▸ Work required: Lines with "imports": please show every one of them from the listing below.

..............................

text \<open>State of Influential LCB after k completed rounds, i.e. the values
  hat l^(k+1) and c^(k+1).  ch = chosen arms, L = observations.\<close>
primrec lcb_est :: "(nat \<Rightarrow> nat) \<Rightarrow> (nat \<Rightarrow> real) \<Rightarrow> nat \<Rightarrow> nat \<Rightarrow> ereal" where
  "lcb_est ch L 0 i = -\<infinity>"
| "lcb_est ch L (Suc k) i = (if i = ch (Suc k) then ereal (L (Suc k)) else lcb_est ch L k i)"

primrec lcb_cnt :: "(nat \<Rightarrow> nat) \<Rightarrow> nat \<Rightarrow> nat \<Rightarrow> real" where
  "lcb_cnt ch 0 i = 0"
| "lcb_cnt ch (Suc k) i = (if i = ch (Suc k) then 1 else lcb_cnt ch k i + 1)"

definition influential_lcb_run ::
  "nat \<Rightarrow> (nat \<Rightarrow> nat \<Rightarrow> real) \<Rightarrow> (nat \<Rightarrow> real) \<Rightarrow> (nat \<Rightarrow> real) \<Rightarrow> nat \<Rightarrow> (nat \<Rightarrow> nat) \<Rightarrow> bool" where
  "influential_lcb_run K A l1 \<xi> T ch \<longleftrightarrow>
     (let L = (\<lambda>t. loss l1 A ch t (ch t) + \<xi> t) in
      \<forall>t\<in>{1..T}. ch t < K \<and>
        (\<forall>i<K. lcb_est ch L (t - 1) (ch t) - ereal (lcb_cnt ch (t - 1) (ch t))
               \<le> lcb_est ch L (t - 1) i - ereal (lcb_cnt ch (t - 1) i)))"

definition regret ::
  "nat \<Rightarrow> (nat \<Rightarrow> nat \<Rightarrow> real) \<Rightarrow> (nat \<Rightarrow> real) \<Rightarrow> nat \<Rightarrow> (nat \<Rightarrow> nat) \<Rightarrow> real" where
  "regret K A l1 T ch =
     (\<Sum>t=1..T. loss l1 A ch t (ch t))
     - Min ((\<lambda>js. \<Sum>t=1..T. loss l1 A js t (js t)) ` (PiE {1..T} (\<lambda>_. {..<K})))"

definition sup_norm :: "nat \<Rightarrow> (nat \<Rightarrow> real) \<Rightarrow> real" where
  "sup_norm K v = Max ((\<lambda>i. \<bar>v i\<bar>) ` {..<K})"

end

theory Submission
  imports Defs
begin

text \<open>
  Since \<open>A\<close> is symmetric, the cumulative loss of any sequence of pulls depends only on its count
  vector \<open>N\<close>: it is the potential \<open>W(N) = \<langle>l1, N\<rangle> + (N\<^sup>T A N - \<langle>diag A, N\<rangle>)/2\<close>. Compare the
  algorithm with playing the arms in fixed proportions \<open>y\<close> (the empirical frequencies of an optimal
  sequence) via \<open>e(t) = W(N\<^sub>t) - W(t y)\<close>. In a round \<open>t > K\<close> the LCB rule ensures that the current
  loss of the chosen arm exceeds every arm's loss by at most twice its staleness \<open>t - \<tau>\<close>
  (\<open>\<tau>\<close> its previous pull) plus noise; together with positive semi-definiteness of \<open>A\<close>, which
  absorbs the cross term between \<open>N\<close> and \<open>y\<close>, this gives
  \<open>e(t)/t - e(t-1)/(t-1) \<le> (2\<parallel>l1\<parallel>\<^sub>\<infinity> + 7/2 + 2(t - \<tau>))/t\<close>. Now \<open>1/t \<le> ln t - ln (t-1)\<close> and
  \<open>(t - \<tau>)/t \<le> ln t - ln \<tau>\<close>, and the latter telescopes in the sum of the logarithms of the
  last pull times of all arms, which is at most \<open>K ln T\<close>. The first \<open>K\<close> rounds pull every arm
  once, since an arm never pulled has index \<open>-\<infinity>\<close>, and cost \<open>O(K\<^sup>2)\<close>.
\<close>

lemma sum_lessThan_of_bool_eq_mult:
  fixes f :: "nat \<Rightarrow> 'a::semiring_1"
  assumes "i < K"
  shows "(\<Sum>k<K. of_bool (i = k) * f k) = f i"
proof -
  have "{..<K} \<inter> {k. i = k} = {i}" using assms by auto
  then show ?thesis by simp
qed
(* Let $d\in\mathbb{N}$ and let $f\in\mathbb{R}[x]$ be a univariate polynomial of degree at most $d$ that is positive on $[-1,1]$, with minimum and maximum values $0<f_{\min}<f_{\max}$ on $[-1,1]$. Let $r\in\mathbb{N}$, $r\ge2$, satisfy \[ \frac{r}{\log r}\ge 10\sqrt{35}\left(1+\tfrac{1}{\sqrt2}\right)d^{5/2}\quad\text{and}\quad \frac{r}{\log r}\ge 150\,d^{5/2}\frac{f_{\max}}{f_{\min}}. \] Then $f+\epsilon\in\mathcal Q(1-x^2)_{2t}$, where $t=O(r)$ and $\epsilon=O(\|f\|_{1,\mathrm{cheb}}\log(r)/r^2)$. In particular, one may take \[ t=104r,\qquad \epsilon=\left(\tfrac72 d^{9/2}+14\right)\|f\|_{1,\mathrm{cheb}}\,\frac{\log r}{r^2}. \]
   Context: $\Sigma[x]_r$ is the cone of sums of squares of univariate polynomials of degree at most $r$, and $\mathcal Q(1-x^2)_r=\Sigma[x]_r+(1-x^2)\Sigma[x]_{r-2}$. $T_k(x)=\cos(k\arccos x)$ is the Chebyshev polynomial of the first kind; for $p=\sum_k c_kT_k$, $\|p\|_{1,\mathrm{cheb}}=\sum_k|c_k|$. $\log$ is the natural logarithm. *)

theory Defs
  imports "HOL-Analysis.Analysis" "HOL-Computational_Algebra.Polynomial"
begin

definition sos_deg :: "nat \<Rightarrow> real poly set" where
  "sos_deg r = {p. \<exists>qs. p = sum_list (map (\<lambda>q. q ^ 2) qs) \<and> degree p \<le> r}"

definition qmodule_deg :: "nat \<Rightarrow> real poly set" where
  "qmodule_deg r = {s0 + [:1, 0, -1:] * s1 | s0 s1. s0 \<in> sos_deg r \<and> s1 \<in> sos_deg (r - 2)}"

fun cheb :: "nat \<Rightarrow> real poly" where
  "cheb 0 = 1"
| "cheb (Suc 0) = [:0, 1:]"
| "cheb (Suc (Suc k)) = [:0, 2:] * cheb (Suc k) - cheb k"

definition cheb_coeff :: "real poly \<Rightarrow> nat \<Rightarrow> real" where
  "cheb_coeff p = (THE c. (\<forall>k>degree p. c k = 0) \<and>
                          p = (\<Sum>k\<le>degree p. smult (c k) (cheb k)))"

..............................

▸ Output for this exercise:
  imports Defs
  imports "HOL-Analysis.Analysis" "HOL-Computational_Algebra.Polynomial"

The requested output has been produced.